Friday, November 19, 2021

Something More About the Hoosac Tunnel

Fright at the end.

I’ve read Pittsburgh has a tunnel going through a mountain.  So does western Massachusetts but don’t hear too many people singing about it.  Search for the word “Hoosac” on this site, and you’ll find references to a fictional city in Minnesota.  There are also a few references to the namesake 4.75-mile railroad tunnel running through the similarly named Hoosac mountain range. I've read about the Hoosac tunnel’s eerie history before, and our friends at Strange Company published something about it earlier this year, too.  

The nearly five-mile-long Hoosac Tunnel has been called “The Bloody Pit,” and no one can say it hasn’t earned the nickname. It even looks ghost-ridden. It is a pitch-black, bone-chilling cold, narrow corridor, carved out of the base of a mountain range.
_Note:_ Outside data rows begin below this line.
lemma hdist_block_word:
  assumes f: "bij_betw f {..<n} N" and "b \<subseteq> N" "c \<subseteq> N"
    and pos: "\<forall>i<n. f i \<in> b \<longrightarrow> H (f i) b \<noteq> 0" "\<forall>i<n. f i \<in> c \<longrightarrow> H (f i) c \<noteq> 0"
    and labels_differ: "\<forall>p \<in> b \<inter> c. H p b \<noteq> H p c"
  shows "hdist (block_word n f H b) (block_word n f H c) + card (b \<inter> c) = card b + card c"
proof -
  have "supp (block_word n f H b) \<inter> supp (block_word n f H c) = {i\<in>{..<n}. f i \<in> b \<inter> c}"
    using pos by (auto simp: supp_block_word)
  moreover have "card {i\<in>{..<n}. f i \<in> b \<inter> c} = card (b \<inter> c)"
    using f \<open>b \<subseteq> N\<close> by (intro bij_betw_card_filter) auto
  moreover have "wt (block_word n f H b) = card b" "wt (block_word n f H c) = card c"
    by (rule wt_block_word[where H = H, OF f \<open>b \<subseteq> N\<close> pos(1)],
        rule wt_block_word[where H = H, OF f \<open>c \<subseteq> N\<close> pos(2)])
  ultimately show ?thesis
    using hdist_add_card_supp_Int[of "block_word n f H b" "block_word n f H c"] labels_differ
    by auto
qed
It took 24 years to build, and no less than 192 workers died during construction.
Men fell down the tunnel’s thousand-foot deep center shaft.  Men were burned alive.  Men were blown to bits by nitroglycerine explosions.  A not-untypical disaster involved three workers, Ned Brinkman, Billy Nash, and Ringo Kelley.  Kelley accidentally set off some explosives, burying the other two men alive.  Instead of running for help, Kelley fled the scene, leaving his coworkers to their fate.  One year later, Kelley’s dead body was found in the tunnel, at the same spot where Brinkman and Nash had died.  It was widely believed that the ghosts of his victims had gotten their revenge.  In 1868, three years after this triple tragedy, a mechanical engineer named Paul Travers wrote to his sister:

“Last night Mr. Dunn and I entered the great tunnel (unfinished) at 9 p.m.  We traveled about two miles into the shaft and then stopped to listen.  As we stood there in the cold silence, we both heard what truly sounded like a man groaning out in pain.  As you know, I have heard that sound many times during the war.  Yet when we turned the wicks up on our lamps, there were no other human beings in the shaft.  I haven’t been this frightened since Shiloh.  Mr. Dunn agreed that it wasn’t the wind we heard.  Perhaps Nash or Brinkman?  I wonder.”

Although the Hoosac is still used by the occasional freight train, it’s main purpose nowadays is to scare the bejeebers out of visitors.  To this day, people report hearing ominous moans and seeing strange lights and apparitions in and around the tunnel.  Some bolder souls have walked through the tunnel, and generally regret doing so, as they often report the unnerving feeling of being closely followed by...something.